– О боже, мама. Моя машина не ломается.
Дочь поцеловала маму в щеку, пахнущую кремом «Нивея», и бодро выбежала в коридор, а когда натягивала пуховичок – из спальни в туалет прошел заспанный папа, кивнул ей, как кивал и десять, и двадцать лет назад, и дочь вдруг едва не расплакалась – так сильно сжалось сердце, так внезапно захлестнуло нежностью, отец был такой маленький, заспанный, серенький, седенький, в просторных семейных трусах и застиранной до бесцветности майке, смотрел вполглаза, двигался чуть неверно, торчал на макушке серебристый хохолок; разумеется, еще не старик, прямой, легкий, жилистые плечи, еще крепкий, еще не отживший свое, но если бы завтра, например, началась какая-нибудь ужасная большая война и понадобились самые надежные и выносливые мужчины – папу уже не позвали бы, не поставили в строй, и именно эта мысль едва не вызвала у дочери слезы. Папа отвоевался. Захотелось подбежать, уткнуться носом в шею, поцеловать, как подбегала и целовала когда-то.

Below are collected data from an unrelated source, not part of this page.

lemma Ecoord_subset_xmap_image:
  assumes "2 * n - 2 \<le> N"
  shows "Ecoord (n - 1) \<subseteq> xmap n ` CN N"
proof
  fix v assume "v \<in> Ecoord (n - 1)"
  then have v0: "\<And>k. k \<notin> {1..n - 1} \<Longrightarrow> v k = 0" by (simp add: Ecoord_iff)
  let ?u = "\<lambda>m. if n \<le> m \<and> m \<le> 2 * n - 2 then v (m - (n - 1)) else 0"
  have "?u \<in> CN N" using assms v0 by (auto simp: CN_def)
  moreover have "xmap n ?u = v"
  proof
    fix k show "xmap n ?u k = v k"
      using v0[of k] by (cases "1 \<le> k \<and> k \<le> n - 1") (auto simp: xmap_def)
  qed
  ultimately show "v \<in> xmap n ` CN N" by force
qed

text \<open>The flag map is open: a triangular change of frame, continuous in the frame, moves any
  frame of a flag to any other frame of the same flag.\<close>

definition tri_change :: "nat \<Rightarrow> (nat \<Rightarrow> nat \<Rightarrow> complex) \<Rightarrow> (nat \<Rightarrow> cvec) \<Rightarrow> nat \<Rightarrow> cvec" where
  "tri_change n B f = (\<lambda>l. if l \<in> {1..n} then (\<Sum>p\<in>{1..l}. cscale (B p l) (f p)) else 0)"

lemma continuous_on_frame_coord: "continuous_on UNIV (\<lambda>g::nat \<Rightarrow> cvec. g l k)"
  by (rule continuous_on_product_then_coordinatewise[OF continuous_on_product_coordinates])

lemma open_frame_coord_vimage: "open S \<Longrightarrow> open {g::nat \<Rightarrow> cvec. g l k \<in> S}"
  using open_vimage[OF _ continuous_on_frame_coord, of S l k] by (simp add: vimage_def)

lemma continuous_on_tri_change: "continuous_on UNIV (tri_change n B)"
proof (intro continuous_on_coordinatewise_then_product)
  fix l k
  show "continuous_on UNIV (\<lambda>f. tri_change n B f l k)"
  proof (cases "l \<in> {1..n}")
    case True
    then have "(\<lambda>f. tri_change n B f l k) = (\<lambda>f. \<Sum>p\<in>{1..l}. B p l * f p k)"
      by (simp add: tri_change_def sum_cvec_apply cscale_apply)
    then show ?thesis
      by (simp only:) (intro continuous_on_sum continuous_on_mult continuous_on_const
          continuous_on_frame_coord)
  next
    case False
    then have "tri_change n B f l k = 0" for f unfolding tri_change_def by auto
    then show ?thesis by simp
  qed
qed

lemma cspan_insert_cscale:
  assumes "c \<noteq> 0"
  shows "cspan (insert (cscale c x) S) = cspan (insert x S)"
proof -
  have "(\<exists>k. y - cscale k (cscale c x) \<in> cspan S) \<longleftrightarrow> (\<exists>k. y - cscale k x \<in> cspan S)" for y
  proof
    assume "\<exists>k. y - cscale k (cscale c x) \<in> cspan S"
    then show "\<exists>k. y - cscale k x \<in> cspan S" by (metis cv.scale_scale)
  next
    assume "\<exists>k. y - cscale k x \<in> cspan S"
    then obtain k where "y - cscale k x \<in> cspan S" ..
    then show "\<exists>k. y - cscale k (cscale c x) \<in> cspan S"
      using assms by (intro exI[of _ "k / c"]) (simp add: cv.scale_scale)
  qed
  then show ?thesis unfolding cv.span_insert by simp
qed

lemma cspan_tri_change:
  assumes diag: "\<And>l. l \<in> {1..n} \<Longrightarrow> B l l \<noteq> 0" and "j \<le> n"
  shows "cspan (tri_change n B f ` {1..j}) = cspan (f ` {1..j})"
  using \<open>j \<le> n\<close>
proof (induction j)
  case 0
  then show ?case by simp
next
  case (Suc j)
  let ?g = "tri_change n B f"
  let ?R = "\<Sum>p\<in>{1..j}. cscale (B p (Suc j)) (f p)"
  have "?g (Suc j) = cscale (B (Suc j) (Suc j)) (f (Suc j)) + ?R"
    using Suc.prems by (simp add: tri_change_def atLeastAtMostSuc_conv add.commute)
  then have diff: "?g (Suc j) - cscale (B (Suc j) (Suc j)) (f (Suc j)) \<in> cspan (f ` {1..j})"
    by (simp add: sum_cscale_in_cspan_image)
  have "cspan (?g ` {1..Suc j}) = cspan (insert (?g (Suc j)) (?g ` {1..j}))"
    by (simp add: atLeastAtMostSuc_conv)
  also have "\<dots> = cspan (insert (?g (Suc j)) (f ` {1..j}))"
    unfolding cv.span_insert using Suc by simp
  also have "\<dots> = cspan (insert (cscale (B (Suc j) (Suc j)) (f (Suc j))) (f ` {1..j}))"
    by (rule cv.eq_span_insert_eq[OF diff])
  also have "\<dots> = cspan (f ` {1..Suc j})"
    using diag Suc.prems by (simp add: cspan_insert_cscale atLeastAtMostSuc_conv)
  finally show ?case .
qed

lemma tri_change_in_frames:
  assumes f: "f \<in> frames n N" and diag: "\<And>l. l \<in> {1..n} \<Longrightarrow> B l l \<noteq> 0"
  shows "tri_change n B f \<in> frames n N" "flag_of n (tri_change n B f) = flag_of n f"
proof -
  let ?g = "tri_change n B f"
  have f1: "inj_on f {1..n}" "\<not> cdependent (f ` {1..n})" "\<And>l. l \<in> {1..n} \<Longrightarrow> f l \<in> CN N"
    using f by (auto simp: frames_def)
  note span_eq = cspan_tri_change[where B=B, OF diag]
  show "flag_of n ?g = flag_of n f"
    unfolding flag_of_def using span_eq by (auto simp: fun_eq_iff)
  have "\<not> cdependent (?g ` {1..n}) \<and> card (?g ` {1..n}) = n"
  proof (rule spanning_set_independent[of _ n "f ` {1..n}"])
    show "card (?g ` {1..n}) \<le> n" using card_image_le[of "{1..n}" ?g] by simp
    show "card (f ` {1..n}) = n" using f1 by (simp add: card_image)
    show "f ` {1..n} \<subseteq> cspan (?g ` {1..n})" using span_eq[of n] cv.span_superset by auto
  qed (use f1 in auto)
  moreover have "?g l \<in> CN N" if "l \<in> {1..n}" for l
  proof -
    have "?g l \<in> cspan (?g ` {1..n})" using that by (auto intro: cv.span_base)
    also have "\<dots> = cspan (f ` {1..n})" using span_eq by simp
    also have "\<dots> \<subseteq> CN N" using f1 by (intro cspan_subset_CN) auto
    finally show ?thesis .
  qed
  ultimately show "?g \<in> frames n N"
    unfolding frames_def by (auto simp: tri_change_def intro: eq_card_imp_inj_on)
qed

Светлый, веселый человек, он ее баловал, он ее понимал, они дружили, и, когда Мила приехала и сказала, что хочет пожить в родительском доме, – именно папа обрадовался быстрее и сильнее мамы.
В лифте успокоилась, от приступа дочерней любви осталась только легкая грусть, столь приятная, что захотелось держать ее в себе как можно дольше, но не получилось, отвлек запах, пахло мужским DKNY, у Бориса тоже был такой запах, но он ему не шел, слишком резкий, брутальным самцам больше подходят ароматы унисекс, смягчают образ.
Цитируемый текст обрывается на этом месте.